First, a quick reminder for myself: there’s an extremely good guide to regex on Andrew M. Kuchling’s pages.
Secondly, you don’t really *need* regex to parse for hashtags in a tweet – it’s a bit of overkill. The following code will do as well, and was written in 1 minute after searching 15 minutes in regex how to make certain to include hyphens ( – ) and other non-characters if they are put into the hashtag.
The regular expression that I find works quite well for all hashtags that don’t have a hyphen in it:
>>> hashtag = "This is a #hashtag #test-link #a should#not#work" >>> x = re.compile(r'\B#\w+') >>> x.findall(hashtag) ['#hashtag', '#test', '#a']
So the above code correctly finds all words beginning with a hashtage, and not the ones that contain a hashtag inside the word. Note that the hyphen and the word after it is not included.

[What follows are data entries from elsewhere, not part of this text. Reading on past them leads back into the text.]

lemma iso_F3Rd_if_alternating_pairing:
  fixes br :: "'a::euclidean_space \<Rightarrow> 'a \<Rightarrow> 'b::euclidean_space" and \<beta> :: "'a \<Rightarrow> 'b \<Rightarrow> real"
  assumes st: "step2_carnot br" and dim: "DIM('b) = 3" and b\<beta>: "bilinear \<beta>"
    and alt: "\<And>y w. \<beta> y (br y w) = 0" and "\<beta> x0 z0 \<noteq> 0"
  shows "\<exists>d. iso_F3Rd br d"
proof -
  obtain u1 u2 u3 where one: "\<beta> u1 (br u2 u3) = 1"
    using alternating_pairing_normalize[OF st b\<beta> \<open>\<beta> x0 z0 \<noteq> 0\<close>] by blast
  define a1 a2 a3 where "a1 x = \<beta> x (br u2 u3)" and "a2 x = \<beta> x (br u3 u1)" and "a3 x = \<beta> x (br u1 u2)"
    for x
  note frame = alternating_pairing_frame[OF st dim b\<beta> alt one, folded a1_def a2_def a3_def]
  have lin: "linear (\<beta> x)" "linear (\<lambda>x. \<beta> x c)" for x c using b\<beta> by (simp_all add: bilinear_def)
  have la: "linear a1" "linear a2" "linear a3" unfolding a1_def a2_def a3_def by (fact lin(2))+
  define \<theta> where "\<theta> x = (vector [a1 x, a2 x, a3 x] :: real^3)" for x
  define \<pi>2 where "\<pi>2 c = (vector [\<beta> u3 c, - \<beta> u2 c, \<beta> u1 c] :: real^3)" for c
  show ?thesis
  proof (rule iso_F3Rd_intro)
    show "linear \<theta>"
      unfolding \<theta>_def linear_iff vec_eq_iff forall_3
      by (simp add: linear_add[OF la(1)] linear_add[OF la(2)] linear_add[OF la(3)]
        linear_scale[OF la(1)] linear_scale[OF la(2)] linear_scale[OF la(3)])
    show "linear \<pi>2"
      unfolding \<pi>2_def linear_iff vec_eq_iff forall_3
      by (simp add: linear_add[OF lin(1)] linear_scale[OF lin(1)])
    have "\<theta> (v$1 *\<^sub>R u1 + v$2 *\<^sub>R u2 + v$3 *\<^sub>R u3) = v" for v
      unfolding \<theta>_def vec_eq_iff forall_3
      by (simp add: linear_add[OF la(1)] linear_add[OF la(2)] linear_add[OF la(3)]
        linear_scale[OF la(1)] linear_scale[OF la(2)] linear_scale[OF la(3)] frame(1-9))
    then show "surj \<theta>" by (rule surjI)
    have "inj \<pi>2"
    proof (rule injI)
      fix c c' assume "\<pi>2 c = \<pi>2 c'"
      then have "\<beta> u1 c = \<beta> u1 c'" "\<beta> u2 c = \<beta> u2 c'" "\<beta> u3 c = \<beta> u3 c'"
        unfolding \<pi>2_def vec_eq_iff forall_3 by simp_all
      then show "c = c'" using frame(10)[of c] frame(10)[of c'] by simp
    qed
    moreover have "\<pi>2 (v$3 *\<^sub>R br u2 u3 - v$2 *\<^sub>R br u3 u1 + v$1 *\<^sub>R br u1 u2) = v" for v
      unfolding \<pi>2_def vec_eq_iff forall_3
      by (simp add: linear_add[OF lin(1)] linear_diff[OF lin(1)] linear_scale[OF lin(1)]
        frame(1-9)[unfolded a1_def a2_def a3_def])
    then have "surj \<pi>2" by (rule surjI)
    ultimately show "bij \<pi>2" by (simp add: bij_def)
    show "\<pi>2 (br x y) = wedge3 (\<theta> x) (\<theta> y)" for x y
      unfolding \<pi>2_def \<theta>_def wedge3_def vec_eq_iff forall_3 by (simp add: frame(11-13) algebra_simps)
  qed
qed

lemma iso_F3Rd_if_horiz_affine_not_affine:
  fixes br :: "'a::euclidean_space \<Rightarrow> 'a \<Rightarrow> 'b::euclidean_space"
  assumes st: "step2_carnot br" and dim: "DIM('b) = 3" and h: "horiz_affine br f"
    and "\<not> affine_map f"
  shows "\<exists>d. iso_F3Rd br d"
proof -
  note hor = horiz_affine_linear_horizontal[OF step2_carnotD(1,2)[OF st] h]
    and ver = horiz_affine_linear_vertical[OF st dim h]
  have \<beta>: "bilinear (mixed_part f)" by (rule mixed_part_bilinear[OF hor ver])
  have "mixed_part f y (br y w) = 0" for y w
    by (rule mixed_part_zero_along_affine_direction[OF hor[of 0] ver[of 0] \<beta>
          horiz_affine_along_bracket_direction[OF step2_carnotD(1,2)[OF st] h]])
  moreover obtain x z where "mixed_part f x z \<noteq> 0"
    using affine_map_if_mixed_part_zero[OF hor[of 0] ver[of 0]] \<open>\<not> affine_map f\<close> by blast
  ultimately show ?thesis by (rule iso_F3Rd_if_alternating_pairing[OF st dim \<beta>])
qed

text \<open>In coordinates, \<open>wedge_pairing\<close> is the wedge product \<open>\<Lambda>\<^sup>1 \<times> \<Lambda>\<^sup>2 \<rightarrow> \<Lambda>\<^sup>3 \<cong> \<real>\<close>; it is
  bilinear and vanishes on \<open>a \<and> (a \<and> b)\<close>.\<close>
definition wedge_pairing :: "real^3 \<Rightarrow> real^3 \<Rightarrow> real" where
  "wedge_pairing a c = a$1 * c$3 - a$2 * c$2 + a$3 * c$1"

lemma horiz_affine_not_affine_if_iso_F3Rd:
  fixes br :: "'a::euclidean_space \<Rightarrow> 'a \<Rightarrow> 'b::euclidean_space"
  assumes bl: "bilinear br" and "iso_F3Rd br d"
  shows "\<exists>f. horiz_affine br f \<and> \<not> affine_map f"
proof -
  obtain \<theta> :: "'a \<Rightarrow> real^3" and l :: "nat \<Rightarrow> 'a \<Rightarrow> real" and \<pi>2 :: "'b \<Rightarrow> real^3"
    where l\<theta>: "linear \<theta>" and l\<pi>: "linear \<pi>2"
      and bij1: "bij_betw (\<lambda>x. (\<theta> x, \<lambda>i. if i < d then l i x else 0)) UNIV (F3Rd_V1 d)"
      and "bij \<pi>2" and brk: "\<And>x y. \<pi>2 (br x y) = wedge3 (\<theta> x) (\<theta> y)"
    using assms(2) unfolding iso_F3Rd_def by blast
  define f where "f q = wedge_pairing (\<theta> (fst q)) (\<pi>2 (snd q))" for q
  have "horiz_affine br f"
    unfolding horiz_affine_iff_lines[OF bl] affine_map_real_iff
  proof (intro allI)
    fix x z y
    have "f ((x, z) + t *\<^sub>R (y, br x y))
        = wedge_pairing (\<theta> y) (\<pi>2 z) * t + wedge_pairing (\<theta> x) (\<pi>2 z)" for t
      unfolding f_def wedge_pairing_def
      by (simp add: linear_add[OF l\<theta>] linear_scale[OF l\<theta>] linear_add[OF l\<pi>] linear_scale[OF l\<pi>]
          brk wedge3_def algebra_simps)
    then show "\<exists>m c. \<forall>t. f ((x, z) + t *\<^sub>R (y, br x y)) = m * t + c" by blast
  qed
  moreover have "\<not> affine_map f"
  proof
    assume "affine_map f"
    have "(vector [1, 0, 0], \<lambda>i. 0) \<in> F3Rd_V1 d" unfolding F3Rd_V1_def by simp
    then have "(vector [1, 0, 0], \<lambda>i. 0) \<in> range (\<lambda>x. (\<theta> x, \<lambda>i. if i < d then l i x else 0))"
      using bij1 unfolding bij_betw_def by blast
    then obtain x where "(vector [1, 0, 0], \<lambda>i. 0) = (\<theta> x, \<lambda>i. if i < d then l i x else 0)"
      by blast
    then have "\<theta> x = vector [1, 0, 0]" by simp
    moreover have "\<pi>2 (inv \<pi>2 (vector [0, 0, 1])) = vector [0, 0, 1]"
      using \<open>bij \<pi>2\<close> by (simp add: bij_is_surj surj_f_inv_f)
    ultimately have "mixed_part f x (inv \<pi>2 (vector [0, 0, 1])) = 1"
      unfolding mixed_part_def f_def wedge_pairing_def by (simp add: linear_0[OF l\<theta>] linear_0[OF l\<pi>])
    with mixed_part_zero_if_affine_map[OF \<open>affine_map f\<close>] show False by simp
  qed
  ultimately show ?thesis by blast
qed

theorem proposition6p12:
  fixes br :: "'a::euclidean_space \<Rightarrow> 'a \<Rightarrow> 'b::euclidean_space"
  assumes "step2_carnot br"
    and "DIM('b) = 3"
  shows "{f :: 'a \<times> 'b \<Rightarrow> real. affine_map f} \<subset> {f. horiz_affine br f}
     \<longleftrightarrow> (\<exists>d::nat. iso_F3Rd br d)"
proof -
  have "{f :: 'a \<times> 'b \<Rightarrow> real. affine_map f} \<subseteq> {f. horiz_affine br f}"
    using horiz_affine_if_affine_map[OF step2_carnotD(1)[OF assms(1)]] by blast
  then have "{f :: 'a \<times> 'b \<Rightarrow> real. affine_map f} \<subset> {f. horiz_affine br f}
      \<longleftrightarrow> (\<exists>f. horiz_affine br f \<and> \<not> affine_map f)"
    by blast
  also have "\<dots> \<longleftrightarrow> (\<exists>d. iso_F3Rd br d)"
    using iso_F3Rd_if_horiz_affine_not_affine[OF assms]
      horiz_affine_not_affine_if_iso_F3Rd[OF step2_carnotD(1)[OF assms(1)]] by blast
  finally show ?thesis .
qed

end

This is the short code I wrote that does all I want:
>>> hashtag = "This is a #hashtag #test-link #a should#not#work" >>> for word in hashtag.split(): if word[0] == "#": print word #hashtag #test-link #a
In section 6 of the above-mentioned guide, Andrew states that in some cases string methods (like split) are faster than using regex. For simplicity, I’m going to use the latter code.
Update: Grrr – discovered that the tweets I am processing are in html so have href tags around them – which means ofcourse that there are no blanks for me to split words in. After another unsuccessful session with regex and just to continue I’ve used the BeautifulSoup html parsing library to get around that by stripping out all tags and then splitting the sentence up again. Probably not as efficient as immediately using regex, I’ll have to revisit this in the future.